Reputation: 1
I've deployed a Asynchronous SageMaker Endpoint and I want it to scale out (to 0 instances) when nothing is requested for a period of times and to scale in when something is requested (to <=1 instances)
I've followed some post online and I created the scaling policy like this:
self.scaling_policies = self.client_autoscaling.put_scaling_policy(
PolicyName=self.policy_name,
ServiceNamespace="sagemaker",
ResourceId=self.resource_id,
ScalableDimension="sagemaker:variant:DesiredInstanceCount",
PolicyType="StepScaling",
StepScalingPolicyConfiguration={
"AdjustmentType": "ChangeInCapacity",
"MetricAggregationType": "Average",
"Cooldown": 60,
"StepAdjustments":
[
{
"MetricIntervalLowerBound": 0,
"ScalingAdjustment": 1
}
]
},
)
response = self.client_cloudwatch.put_metric_alarm(
AlarmName=self.policy_name,
MetricName='HasBacklogWithoutCapacity',
Namespace='AWS/SageMaker',
Statistic='Average',
EvaluationPeriods= self.evaluation_periods,
DatapointsToAlarm= self.datapoints,
Threshold=self.target_value,
ComparisonOperator='GreaterThanOrEqualToThreshold',
TreatMissingData='breaching',
Dimensions=[
{ 'Name':'EndpointName', 'Value': self.endpoint_name},
],
Period=self.period,
AlarmActions=[self.scaling_policies['PolicyARN']],
)
The endpoint succesfully creates and I see that there is a scaling policy attached to it.
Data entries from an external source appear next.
lemma caterpillar_packing:
  assumes "k < 9"
  shows "accept_prob alg caterpillar (2 * k) + accept_prob alg caterpillar (2 * k + 2)
           + accept_prob alg caterpillar (2 * k + 3) \<le> 1"
proof -
  have "k \<in> {0, 1, 2, 3, 4, 5, 6, 7, 8}"
    using assms by auto
  then have "\<forall>i\<in>{2 * k, 2 * k + 2, 2 * k + 3}. 2 * k + 1 \<in> caterpillar ! i"
    by (elim insertE emptyE) (simp_all add: caterpillar_def)
  then have "pairwise (\<lambda>i j. caterpillar ! i \<inter> caterpillar ! j \<noteq> {}) {2 * k, 2 * k + 2, 2 * k + 3}"
    unfolding pairwise_def by blast
  then have "(\<Sum>i\<in>{2 * k, 2 * k + 2, 2 * k + 3}. accept_prob alg caterpillar i) \<le> 1"
    using assms by (intro sum_accept_prob_le_one[where t = 20]) auto
  then show ?thesis
    by simp
qed

lemma paw_nu: "2 \<le> nu (set paw)"
  using card_le_nu[of "set paw" "{{1, 2}, {0, 3}}"]
  by (simp add: paw_def is_matching_def doubleton_eq_iff)

lemma paw_bound:
  assumes "2 * \<gamma> \<le> (\<Sum>i<4. accept_prob alg paw i)"
  shows "accept_prob alg caterpillar 0 + accept_prob alg caterpillar 1 \<le> 2 - 2 * \<gamma>"
proof -
  have "accept_prob alg paw 0 = accept_prob alg caterpillar 0"
    "accept_prob alg paw 1 = accept_prob alg caterpillar 1"
    by (simp_all add: accept_prob_cong_prefix paw_def caterpillar_def)
  moreover have "(\<Sum>i\<in>{0, 1, 2}. accept_prob alg paw i) \<le> 1" "(\<Sum>i\<in>{0, 1, 3}. accept_prob alg paw i) \<le> 1"
    by (rule sum_accept_prob_le_one[where t = 4]; simp add: paw_def pairwise_def)+
  ultimately show ?thesis
    using assms by (simp add: lessThan_nat_numeral)
qed

text \<open>Dual certificate: the weights 34, 21, 13, 8, 5, 3, 2, 1, 1, 1 on \<open>ratio\<close> and
\<open>packing\<close> (for k = 0, 1, ...) and 55 on \<open>paw\<close> add up to \<open>0 \<le> 198 - 341 \<gamma> - q 19\<close>.\<close>
lemma caterpillar_lp_bound:
  fixes q :: "nat \<Rightarrow> real" and \<gamma> :: real
  assumes nonneg: "\<And>i. 0 \<le> q i"
    and ratio: "\<And>k. k < 10 \<Longrightarrow> \<gamma> * real (k + 1) \<le> (\<Sum>i<2 * k + 1. q i)"
    and packing: "\<And>k. k < 9 \<Longrightarrow> q (2 * k) + q (2 * k + 2) + q (2 * k + 3) \<le> 1"
    and paw: "q 0 + q 1 \<le> 2 - 2 * \<gamma>"
  shows "341 * \<gamma> \<le> 198"
  using ratio[of 0] ratio[of 1] ratio[of 2] ratio[of 3] ratio[of 4] ratio[of 5] ratio[of 6]
    ratio[of 7] ratio[of 8] ratio[of 9]
    packing[of 0] packing[of 1] packing[of 2] packing[of 3] packing[of 4] packing[of 5]
    packing[of 6] packing[of 7] packing[of 8] paw nonneg[of 19]
  by (simp add: lessThan_nat_numeral flip: numeral_2_eq_2)

theorem mainTheorem2:
  fixes alg :: online_alg and \<gamma> :: real
  assumes "\<gamma> > 0.58065"
  shows "\<exists>es t. valid_instance_deg3 es \<and> t \<le> length es \<and>
           expected_size alg es t < \<gamma> * real (nu (set (take t es)))"
proof (rule ccontr)
  assume "\<not> ?thesis"
  then have guarantee: "\<And>es t. valid_instance_deg3 es \<Longrightarrow> t \<le> length es \<Longrightarrow>
      \<gamma> * nu (set (take t es)) \<le> expected_size alg es t"
    by (meson not_less)
  have distinct: "distinct caterpillar" "distinct paw"
    using caterpillar_valid paw_valid by (simp_all add: valid_instance_deg3_def)
  define q where "q = accept_prob alg caterpillar"
  have "\<gamma> * real 2 \<le> (\<Sum>i<4. accept_prob alg paw i)"
    using assms paw_nu
    by (intro guarantee_sum_accept_prob guarantee distinct paw_valid) (simp_all add: paw_def)
  then have "q 0 + q 1 \<le> 2 - 2 * \<gamma>"
    unfolding q_def by (intro paw_bound) simp
  moreover have "\<gamma> * real (k + 1) \<le> (\<Sum>i<2 * k + 1. q i)" if "k < 10" for k
    unfolding q_def using that assms caterpillar_nu[OF that]
    by (intro guarantee_sum_accept_prob guarantee distinct caterpillar_valid)
      (simp_all add: length_caterpillar)
  moreover have "q (2 * k) + q (2 * k + 2) + q (2 * k + 3) \<le> 1" if "k < 9" for k
    unfolding q_def using that by (rule caterpillar_packing)
  moreover have "0 \<le> q i" for i
    unfolding q_def by (rule accept_prob_nonneg)
  ultimately have "341 * \<gamma> \<le> 198"
    by (intro caterpillar_lp_bound[of q])
  then show False
    using assms by simp
qed

end
lemma dim_block_mats [simp]:
  "dim_row (toeplitz_pow n N A) = n * N" "dim_col (toeplitz_pow n N A) = n * N"
  "dim_row (toeplitz_bidiag n N A) = n * N" "dim_col (toeplitz_bidiag n N A) = n * N"
  "dim_row (F_a n N A D) = n * N" "dim_col (F_a n N A D) = n * N"
  "dim_row (F_ex n N A D) = n * N" "dim_col (F_ex n N A D) = n * N"
  "dim_row (kron_id n N A) = n * N" "dim_col (kron_id n N A) = n * N"
  by (simp_all add: toeplitz_pow_def toeplitz_bidiag_def F_a_def F_ex_def kron_id_def)

lemma kron_id_mult:
  assumes M: "M \<in> carrier_mat n n" and M': "M' \<in> carrier_mat n n"
  shows "kron_id n N M * kron_id n N M' = kron_id n N (M * M')"
proof (rule eq_matI)
  fix r c assume "r < dim_row (kron_id n N (M * M'))" "c < dim_col (kron_id n N (M * M'))"
  then have r: "r < n * N" and c: "c < n * N" by (simp_all add: kron_id_def)
  have "(kron_id n N M * kron_id n N M') $$ (r, c) =
      (\<Sum>l<N. if l = c div n then (if r div n = c div n then (M * M') $$ (r mod n, c mod n) else 0) else 0)"
    unfolding kron_id_def index_block_mat_mult[OF _ _ r c, of "\<lambda>_ _. M" "\<lambda>_ _. M'", OF M M']
    by (intro sum.cong) auto
  then show "(kron_id n N M * kron_id n N M') $$ (r, c) = kron_id n N (M * M') $$ (r, c)"
    using block_index_bounds[OF c] r c by (simp add: kron_id_def index_block_mat)
qed (auto simp: kron_id_def)

lemma kron_id_one: "kron_id n N (1\<^sub>m n) = 1\<^sub>m (n * N)"
proof (rule eq_matI)
  fix r c assume "r < dim_row (1\<^sub>m (n * N))" "c < dim_col (1\<^sub>m (n * N))"
  then have r: "r < n * N" and c: "c < n * N" by simp_all
  then show "kron_id n N (1\<^sub>m n) $$ (r, c) = 1\<^sub>m (n * N) $$ (r, c)"
    using block_index_bounds[OF r] block_index_bounds[OF c] eq_iff_block_index[of r c n]
    by (auto simp: kron_id_def index_block_mat)
qed (auto simp: kron_id_def)

lemma kron_id_inverse:
  assumes "M \<in> carrier_mat n n" "M' \<in> carrier_mat n n" "M * M' = 1\<^sub>m n"
  shows "kron_id n N M * kron_id n N M' = 1\<^sub>m (n * N)"
  using assms by (simp add: kron_id_mult kron_id_one)

lemma F_a_eq_toeplitz_pow:
  assumes A: "A \<in> carrier_mat n n" and B: "B \<in> carrier_mat n n"
  shows "F_a n N A B = toeplitz_pow n N A * kron_id n N B"
proof (rule eq_matI)
  fix r c assume "r < dim_row (toeplitz_pow n N A * kron_id n N B)" "c < dim_col (toeplitz_pow n N A * kron_id n N B)"
  then have r: "r < n * N" and c: "c < n * N" by simp_all
  have "(toeplitz_pow n N A * kron_id n N B) $$ (r, c)
      = (\<Sum>l<N. if l \<le> r div n \<and> l = c div n then (A ^\<^sub>m (r div n - l) * B) $$ (r mod n, c mod n) else 0)"
    unfolding toeplitz_pow_def kron_id_def by (rule index_block_mat_mult[OF _ _ r c]) (use A B in auto)
  also have "\<dots> = (\<Sum>l<N. if l = c div n then
      (if c div n \<le> r div n then (A ^\<^sub>m (r div n - c div n) * B) $$ (r mod n, c mod n) else 0) else 0)"
    by (intro sum.cong) auto
  finally show "F_a n N A B $$ (r, c) = (toeplitz_pow n N A * kron_id n N B) $$ (r, c)"
    using block_index_bounds[OF c] r c by (simp add: F_a_def index_block_mat)
qed simp_all
(* Let $G$ be a finite simple graph on $[d]$. Then for every integer $k\ge0$, $H(R[G]/K_G,k)=\sum_{G'\in{\rm Ind}(G)}{\rm Kc}(G',k)$, and in particular ${\rm Kc}(G,k)=\sum_{m=0}^{d}(-1)^{d-m}\sum_{G'\in{\rm Ind}_m(G)}H(R[G']/K_{G'},k)$.
   Context: A $k$-coloring of a graph $H$ is a map $V(H)\to[k]$ giving adjacent vertices distinct colors (the graph with no vertices has exactly one $k$-coloring). Kempe switching: for colors $i<j$ and a connected component $C$ of $H[f^{-1}(i)\cup f^{-1}(j)]$, interchange $i$ and $j$ on $C$; Kempe equivalence is the equivalence relation generated by Kempe switchings, colorings differing by a permutation of colors being identified; ${\rm Kc}(H,k)$ is the number of Kempe equivalence classes of $k$-colorings of $H$. ${\rm Ind}(G)$ is the set of induced subgraphs $G[W]$, $W\subseteq[d]$ (so $|{\rm Ind}(G)|=2^d$), and ${\rm Ind}_m(G)$ those with $|W|=m$. For a graph $G'$ on a finite vertex set $V$: a stable set is a subset of $V$ with no edge (including $\emptyset$); $R[G']=\mathbb{K}[x_S : S \text{ stable in } G']$ over a field $\mathbb{K}$ with all variables of degree $1$; $J_{G'}$ is generated by all $x_{S_1}x_{S_2}-x_{S_3}x_{S_4}$ with $S_i$ stable, $S_1\cap S_2=S_3\cap S_4=\emptyset$, $S_1\cup S_2=S_3\cup S_4$; $M_{G'}=\langle x_Sx_T : S\cap T\neq\emptyset\rangle$; $K_{G'}=J_{G'}+M_{G'}$. For a graded ideal $I$ of a graded polynomial ring $R$, $H(R/I,k)=\dim_{\mathbb{K}}R_k/I_k$. *)

theory Defs
  imports Main HOL.Vector_Spaces "HOL-Library.FuncSet" "HOL-Library.Multiset" "HOL-Library.Function_Algebras"
begin

text \<open>Graphs: a vertex set V (a set of naturals) and an edge set E of 2-element subsets.
  The graph G on [d] is ({1..d}, E); the induced subgraph G[W] is (W, induced_edges E W).\<close>

definition simple_graph_on :: "nat set \<Rightarrow> nat set set \<Rightarrow> bool" where
  "simple_graph_on V E \<longleftrightarrow> (\<forall>e\<in>E. \<exists>u v. e = {u, v} \<and> u \<noteq> v \<and> u \<in> V \<and> v \<in> V)"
I've also see that an alarm is triggered but it doesn't scale out (it is deployed with an initial instance count of 1 and I expect to quickly go to 0)
Any help?
I tried to create a Asynchronous SageMaker Endpoint with a scaling policy to scale in an scale out following this posts:
https://docs.aws.amazon.com/sagemaker/latest/dg/async-inference-autoscale.html
How to Quickly Scale SageMaker Async Endpoint from 0 to 1 Instance for a Single Request?
Upvotes: 0
Views: 97
Reputation: 616
Has a similar Issue, In my case It was insufficient quota
How I debugged It
2024-12-19 08:46:44
Action
Successfully executed action arn:aws:autoscaling:x:x:scalingPolicy:x:resource/sagemaker/endpoint/x/variant/x:policyName/x
aws application-autoscaling describe-scaling-activities --service-namespace sagemaker --resource-id endpoint/x/variant/x
Issue was not enough quota for specific Instance type
"StatusMessage": "Failed to set desired instance count to 3. Reason: The account-level service limit 'ml.p2.xlarge for endpoint usage' is 2 Instances, with curre
nt utilization of 0 Instances and a request delta of 3 Instances. Please use AWS Service Quotas to request an increase for this quota. If AWS Service Quotas is not available
, contact AWS support to request an increase for this quota. (Service: AmazonSageMaker; Status Code: 400; Error Code: ResourceLimitExceeded; Request ID: x; Proxy: null)."
Upvotes: 0